The growth in cultivated areas is accompanied by a strong fragmentation of the landscape, an increase in the number of field patches and a regression of forest formations. The results obtained in the Kompienga watershed in eastern Burkina Faso confirm this trend towards landscape anthropization. Reduced vegetation cover leads to the disappearance of natural wildlife habitats and accelerates climate change, with alternating droughts and floods, as well as soil erosion and declining soil fertility, thus compromising food security. These results corroborate those found in other regions of Africa [14] [15]. The factors behind this dynamic are man-made. Rapid population growth has led to an increase in primary needs, notably housing and food. These needs will drive populations to conquer new living spaces and arable land to meet these important needs. Agricultural practices and the large-scale extraction of natural resources are also a major factor in the degradation of plant cover. Human activities profoundly alter the natural geographical environment, with land use being a primary form of this influence, directly leading to alterations of the land surface. The results of this diachronic analysis show that soil degradation in the commune of Gothèye is a complex process, involving the action of nature, particularly drought, and that of displaced people. [15] [16] estimate that, over the last 60 years, the sub-region has lost more than 70% of its original forest cover. What remains today is highly fragmented, restricting habitat to isolated blocks, and dozens of unique species of flora and fauna are in danger of extinction. There is therefore a real urgency to reverse this trend. Indeed, ecosystem dynamics are closely linked to climatic disturbances and anthropogenic causes.
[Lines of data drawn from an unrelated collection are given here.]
text \<open>Functions on [0,\<infinity>] are modelled with domain ennreal = [0,\<infinity>].\<close>
definition Jspace :: "(real set set \<times> (ennreal \<Rightarrow> real)) set" where
  "Jspace = {(\<eta>, f). \<eta> \<in> IH
      \<and> (\<forall>x. 0 \<le> f x)
      \<and> mono f
      \<and> (\<forall>x. continuous (at_right x) f)
      \<and> (\<forall>U\<in>\<eta>. \<forall>x\<in>U. \<forall>y\<in>U. f (ennreal x) = f (ennreal y))
      \<and> (\<forall>x. ennreal (IPnorm \<eta>) \<le> x \<longrightarrow> f x = f (ennreal (IPnorm \<eta>)))}"

definition fblock :: "(ennreal \<Rightarrow> real) \<Rightarrow> real set \<Rightarrow> real" where
  "fblock f U = f (ennreal (SOME x. x \<in> U))"

definition corr_cost ::
  "real set set \<times> (ennreal \<Rightarrow> real) \<Rightarrow> real set set \<times> (ennreal \<Rightarrow> real)
     \<Rightarrow> (real set \<times> real set) list \<Rightarrow> real" where
  "corr_cost p q cs =
     (let \<eta> = fst p; f = snd p; \<beta> = fst q; g = snd q;
          D = sum_list (map (\<lambda>(U,V). \<bar>Leb U - Leb V\<bar>) cs)
      in max (max (D + IPnorm \<eta> - sum_list (map (\<lambda>(U,V). Leb U) cs))
                  (D + IPnorm \<beta> - sum_list (map (\<lambda>(U,V). Leb V) cs)))
             (max (foldr max (map (\<lambda>(U,V). \<bar>fblock f U - fblock g V\<bar>) cs) 0)
                  \<bar>f top - g top\<bar>))"

definition dJ ::
  "real set set \<times> (ennreal \<Rightarrow> real) \<Rightarrow> real set set \<times> (ennreal \<Rightarrow> real) \<Rightarrow> real" where
  "dJ p q = Inf {corr_cost p q cs | cs. correspondence (fst p) (fst q) cs}"

end

theory Submission
  imports Defs
begin

text \<open>
  Let \<open>x\<^sub>0\<close> be the point of \<open>Jspace\<close> with the empty interval partition. For every \<open>a > 0\<close>
  and \<open>n \<ge> 1\<close>, the partition of \<open>[0, a]\<close> into \<open>n\<close> blocks of length \<open>a / n\<close> (with \<open>f = 0\<close>)
  lies within distance \<open>a\<close> of \<open>x\<^sub>0\<close>, as the empty correspondence shows. A compact
  neighbourhood \<open>K\<close> of \<open>x\<^sub>0\<close> is covered by the open sets \<open>{\<parallel>\<eta>\<parallel> < a/2}\<close> and
  \<open>{\<eta> has a block longer than t}\<close>, \<open>t > 0\<close>; a finite subcover leaves a single \<open>t\<close>, and the
  equal-block point with \<open>a / n \<le> t\<close> then lies in \<open>K\<close> but in none of these sets.

  Since the statement is about the metric topology, \<open>dJ\<close> has to be shown to be a metric.
  Correspondences are handled as finite sets of pairs of blocks on which the left-to-right
  orders of both sides agree (matchings). Matchings compose by relational composition, which
  gives the triangle inequality; and in a matching of cost \<open>e\<close> matched blocks have left
  endpoints within \<open>e\<close>, which gives \<open>dJ x y = 0 \<Longrightarrow> x = y\<close>.
\<close>

section \<open>Blocks and interval partitions\<close>

lemma Leb_Ioo: "a \<le> b \<Longrightarrow> Leb {a<..<b} = b - a"
  unfolding Leb_def by simp

lemma block_less_Ioo_iff:
  fixes a b c d :: real
  assumes "a < b" "c < d"
  shows "block_less {a<..<b} {c<..<d} \<longleftrightarrow> b \<le> c"
proof
  assume "block_less {a<..<b} {c<..<d}"
  then have less: "x < y" if "a < x" "x < b" "c < y" "y < d" for x y
    using that unfolding block_less_def by simp
  show "b \<le> c"
  proof (rule ccontr)
    assume "\<not> b \<le> c"
    show False
    proof (cases "a < d")
      case True
      define m where "m = (max a c + min b d) / 2"
      have "a < m" "m < b" "c < m" "m < d"
        using assms True \<open>\<not> b \<le> c\<close> unfolding m_def max_def min_def by auto
      then show False using less[of m m] by simp
    next
      case False
      have "(a + b) / 2 < (c + d) / 2" by (rule less) (use assms in auto)
      then show False using False assms by (simp add: field_simps)
    qed
  qed
next
  assume "b \<le> c"
  then show "block_less {a<..<b} {c<..<d}"
    unfolding block_less_def by (metis greaterThanLessThan_iff less_le_trans order_less_trans)
qed

lemma block_less_asym:
  assumes "U \<noteq> {}" "V \<noteq> {}" "block_less U V"
  shows "\<not> block_less V U"
proof
  assume "block_less V U"
  obtain x y where "x \<in> U" "y \<in> V" using assms(1,2) by blast
  then have "x < y" "y < x" using assms(3) \<open>block_less V U\<close> unfolding block_less_def by auto
  then show False by simp
qed

lemma is_IP_onD:
  assumes "is_IP_on \<eta> L"
  shows "0 \<le> L" "\<And>U. U \<in> \<eta> \<Longrightarrow> \<exists>a b. 0 \<le> a \<and> a < b \<and> b \<le> L \<and> U = {a<..<b}"
    "disjoint \<eta>" "{0..L} - \<Union>\<eta> \<in> null_sets lborel"
  using assms unfolding is_IP_on_def by (elim conjE; assumption | blast)+

lemma is_IP_on_empty: "is_IP_on {} 0"
  unfolding is_IP_on_def by (simp add: finite_imp_null_set_lborel)

lemma empty_in_IH: "{} \<in> IH"
  unfolding IH_def using is_IP_on_empty by blast

lemma is_IP_on_gap:
  assumes "is_IP_on \<eta> L" "0 \<le> t" "r \<le> L" "{t<..<r} \<inter> \<Union>\<eta> = {}"
  shows "r \<le> t"
proof (rule ccontr)
  assume "\<not> r \<le> t"
  have sub: "{t<..<r} \<subseteq> {0..L} - \<Union>\<eta>"
  proof
    fix x assume x: "x \<in> {t<..<r}"
    then have "x \<notin> \<Union>\<eta>" using assms(4) by blast
    moreover have "x \<in> {0..L}" using x assms(2,3) by simp
    ultimately show "x \<in> {0..L} - \<Union>\<eta>" by blast
  qed
  have "{t<..<r} \<in> null_sets lborel"
    by (rule null_sets_subset[OF is_IP_onD(4)[OF assms(1)] _ sub]) simp
  then have "measure lborel {t<..<r} = 0" by (rule measure_eq_0_null_sets)
  then show False using \<open>\<not> r \<le> t\<close> by simp
qed

lemma is_IP_on_le:
  assumes "is_IP_on \<eta> L" "is_IP_on \<eta> L'"
  shows "L \<le> L'"
proof (rule is_IP_on_gap[OF assms(1)])
  show "0 \<le> L'" by (rule is_IP_onD(1)[OF assms(2)])
  have "U \<subseteq> {..L'}" if "U \<in> \<eta>" for U
    using is_IP_onD(2)[OF assms(2) that] by force
  then show "{L'<..<L} \<inter> \<Union>\<eta> = {}" by fastforce
qed simp

lemma is_IP_on_unique: "is_IP_on \<eta> L \<Longrightarrow> is_IP_on \<eta> L' \<Longrightarrow> L = L'"
  using is_IP_on_le order_antisym by blast

lemma IPnorm_eqI: "is_IP_on \<eta> L \<Longrightarrow> IPnorm \<eta> = L"
  unfolding IPnorm_def using is_IP_on_unique by blast

lemma IH_is_IP_on: "\<eta> \<in> IH \<Longrightarrow> is_IP_on \<eta> (IPnorm \<eta>)"
  unfolding IH_def using IPnorm_eqI by auto

lemma IPnorm_nonneg: "\<eta> \<in> IH \<Longrightarrow> 0 \<le> IPnorm \<eta>"
  using IH_is_IP_on is_IP_onD(1) by blast

lemma IH_blockE:
  assumes "\<eta> \<in> IH" "U \<in> \<eta>"
  obtains a b where "0 \<le> a" "a < b" "b \<le> IPnorm \<eta>" "U = {a<..<b}"
  using is_IP_onD(2)[OF IH_is_IP_on[OF assms(1)] assms(2)] by blast

lemma IH_block_nonempty: "\<eta> \<in> IH \<Longrightarrow> U \<in> \<eta> \<Longrightarrow> U \<noteq> {}"
  by (erule IH_blockE) auto

lemma IH_block_Leb_pos: "\<eta> \<in> IH \<Longrightarrow> U \<in> \<eta> \<Longrightarrow> 0 < Leb U"
  by (erule IH_blockE) (auto simp: Leb_Ioo)

lemma IH_block_subset: "\<eta> \<in> IH \<Longrightarrow> U \<in> \<eta> \<Longrightarrow> U \<subseteq> {0..IPnorm \<eta>}"
  by (erule IH_blockE) auto

lemma IH_Ioo_block_bounds:
  assumes "\<eta> \<in> IH" "{a<..<b} \<in> \<eta>" "a < b"
  shows "0 \<le> a \<and> b \<le> IPnorm \<eta>"
proof -
  obtain a' b' where "0 \<le> a'" "a' < b'" "b' \<le> IPnorm \<eta>" "{a<..<b} = {a'<..<b'}"
    by (rule IH_blockE[OF assms(1,2)])
  then show ?thesis using assms(3) by (simp add: greaterThanLessThan_eq_iff)
qed

lemma IH_block_eqI: "\<eta> \<in> IH \<Longrightarrow> U \<in> \<eta> \<Longrightarrow> V \<in> \<eta> \<Longrightarrow> s \<in> U \<Longrightarrow> s \<in> V \<Longrightarrow> U = V"
  using is_IP_onD(3)[OF IH_is_IP_on] unfolding disjoint_def pairwise_def disjnt_def by blast

lemma IH_blocks_trichotomy:
  assumes "\<eta> \<in> IH" "U \<in> \<eta>" "V \<in> \<eta>"
  shows "U = V \<or> block_less U V \<or> block_less V U"
proof -
  obtain a b where U: "a < b" "U = {a<..<b}" using IH_blockE[OF assms(1,2)] by metis
  obtain c d where V: "c < d" "V = {c<..<d}" using IH_blockE[OF assms(1,3)] by metis
  have "U = V" if "\<not> b \<le> c" "\<not> d \<le> a"
  proof (rule IH_block_eqI[OF assms])
    have "max a c < min b d" using U V that by auto
    then show "(max a c + min b d) / 2 \<in> U" "(max a c + min b d) / 2 \<in> V" using U V by auto
  qed
  then show ?thesis using U V by (auto simp: block_less_Ioo_iff)
qed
This observation calls for a new vision, that of making investments to recover these degraded ecosystems [17] [18]. Studies on the driving mechanism of land use change at the global scale indicated that 60% of land use change can be caused by human economic and social development activities, and 40% of land use change was associated with climate change [19] [20]. As a result, with the purpose of formulating scientific, reasonable, and sustainable land use policies, it becomes vital to investigate land use transition at the micro-scale.
5. Conclusion
To conclude, this study deciphered the dynamics of land use changes in response to natural environmental and human activities. The results of this study highlight the negative impact of the displaced on ecosystems. Ecosystems have been systematically destroyed to meet the needs of displaced populations for goods and services. This suggests that the displaced have contributed significantly to the disturbance and dynamics of the landscape. Generally speaking, the study area has undergone a major transformation, mainly due to anthropogenic disturbance and demographic pressure. Although the disturbance of human activities and the change in natural factors jointly influence the land use type and its spatial distribution, their contributions are different. Faced to this situation, particular attention needs to be paid to internal displacement phenomena in order to minimize induced impacts. This must be done in the interests of environmental conservation. If inaction persists, we may well see the collapse of our systems, whether natural (ecosystems) or human.
Fund
This work was supported by International Development Research Centre (IDRC) 109799.